BUS DRIVERS IN LUXEMBOURG CHOSE A NOVEL form of protest in a long-standing grievance about working conditions. While negotiations went on to renew a collective agreement the drivers arrived at work with beards or wearing green wrist bands. ‘Operation la barbe’ plays on the double meaning of the word in French which can be ‘fed-up’ as well as ‘beard’. Although this action could be seen as a signal that the trade unions are weaker than they were in social dialogue with employers, the idea was to draw attention to the long shifts and lack of access to lavatories that they were enduring without antagonising the public.
A NORWEGIAN TRADE UNION REPRESENTATIVE HAS found herself at the centre of a global struggle between an employer and the International Transport Federation. Monica Okpe, a DHL supply chain worker in Oslo was dismissed in May. Unions believe that her sacking was related to the fact that she was an effective shop steward for the ITF-affiliated Oslo Transport Workers’ Union. After a rally in Oslo in September the ITF held an international road transport action week in October together with other worldwide union federations such as the service sector union UNI. First vice-president of the Norwegian Transport Workers’ Union Lars Johnsen said ‘Experience of the ITF and UNI shows that DHL is one of the worst employers … A common global action day can show the global resistance against DHL's anti-union activities’.

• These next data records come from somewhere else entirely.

text \<open>The first-order conditions of a perturbed equilibrium \<open>\<pi>\<close> with anchor \<open>\<sigma>\<close> form the
  variational inequality \<open>V(\<pi>) \<bullet> (y - \<pi>) \<le> \<mu> (\<pi> - \<sigma>) \<bullet> (y - \<pi>)\<close> for the pseudo-gradient \<open>V\<close>.
  Testing the inequalities of \<open>\<pi> = \<pi>\<^sup>\<mu>\<^sup>,\<^sup>\<sigma>\<close> and \<open>\<pi>' = \<pi>\<^sup>\<mu>\<^sup>,\<^sup>\<sigma>\<^sup>'\<close> at each other and using monotonicity
  of \<open>V\<close> gives \<open>(a - b - e) \<bullet> (a - b) \<le> 0\<close> for \<open>a = \<pi> - \<sigma>\<close>, \<open>b = \<pi>' - \<sigma>\<close>, \<open>e = \<sigma> - \<sigma>'\<close>,
  which rearranges to \<open>\<parallel>a\<parallel>\<^sup>2 \<le> \<parallel>e\<parallel>\<^sup>2 + 2 (b + e) \<bullet> b\<close>.  Testing the inequality of \<open>\<pi>'\<close> at \<open>\<sigma>\<close>
  bounds \<open>\<mu> (b + e) \<bullet> b\<close> by \<open>V(\<pi>') \<bullet> b \<le> \<zeta> \<parallel>b\<parallel>\<close>.\<close>

lemma DERIV_nonpos_at_left_endpoint_max:
  fixes h :: "real \<Rightarrow> real"
  assumes "(h has_real_derivative D) (at 0 within {0..1})"
    and "\<And>t. t \<in> {0..1} \<Longrightarrow> h t \<le> h 0"
  shows "D \<le> 0"
proof -
  have "((\<lambda>t. (h t - h 0) / t) \<longlongrightarrow> D) (at 0 within {0..1})"
    using assms(1) by (simp add: has_field_derivative_iff)
  moreover have "\<forall>\<^sub>F t in at 0 within {0..1}. (h t - h 0) / t \<le> 0"
    unfolding eventually_at_filter
    by (rule always_eventually) (auto intro!: divide_nonpos_pos assms(2))
  moreover have "at (0::real) within {0..1} \<noteq> bot"
    by (simp add: at_within_Icc_at_right)
  ultimately show ?thesis
    by (rule tendsto_upperbound)
qed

Woman pilots more numerous in Germany as airlines try to avoid discrimination
‘A WOMAN HAS A BETTER CHANCE OF BECOMING A World heavyweight boxing champion than an airline captain’. Fortunately this quote is from the nineteen-sixties but the gender barrier at commercial airlines has proved extremely resilient. Even now a company such as Aer Lingus is thought to have a good record with 8.5% of its pilots being female compared wtih the dismal figure of 0.5% at Japan Airlines. In Germany Lufthansa, whose then head of training uttered the infamous quote above, has progressed from employing its first woman pilot in 1988 to having nearly 300 on the books now, still only 5.5% of the total. This compares with 36% of judges and 40% in Angela Merkel’s cabinet. Although there are no quotas Captain Jörg Handwerg, a spokesman for the airline pilots' association believes that ‘When (women) apply for a job, airlines are happy. They want to get rid of the stigma they discriminate against women’. The main problem in taking on more female pilots is the lack of applications; currently only 8% are from women. Lufthansa sponsors an annual ‘Girls’ Day’ when teenagers are encouraged to consider the occupations of pilot, flight engineer and mechanic. Pilots’ hours do not run from nine to five but flight rosters can be adapted to part-time work and flight simulators used to keep up skills during maternity leave. Despite these measures and the good pay, it seems that many girls lack female rôle models and still see such work as too technical and airlines as sexist workplaces; numbers of women in training are steadily growing however.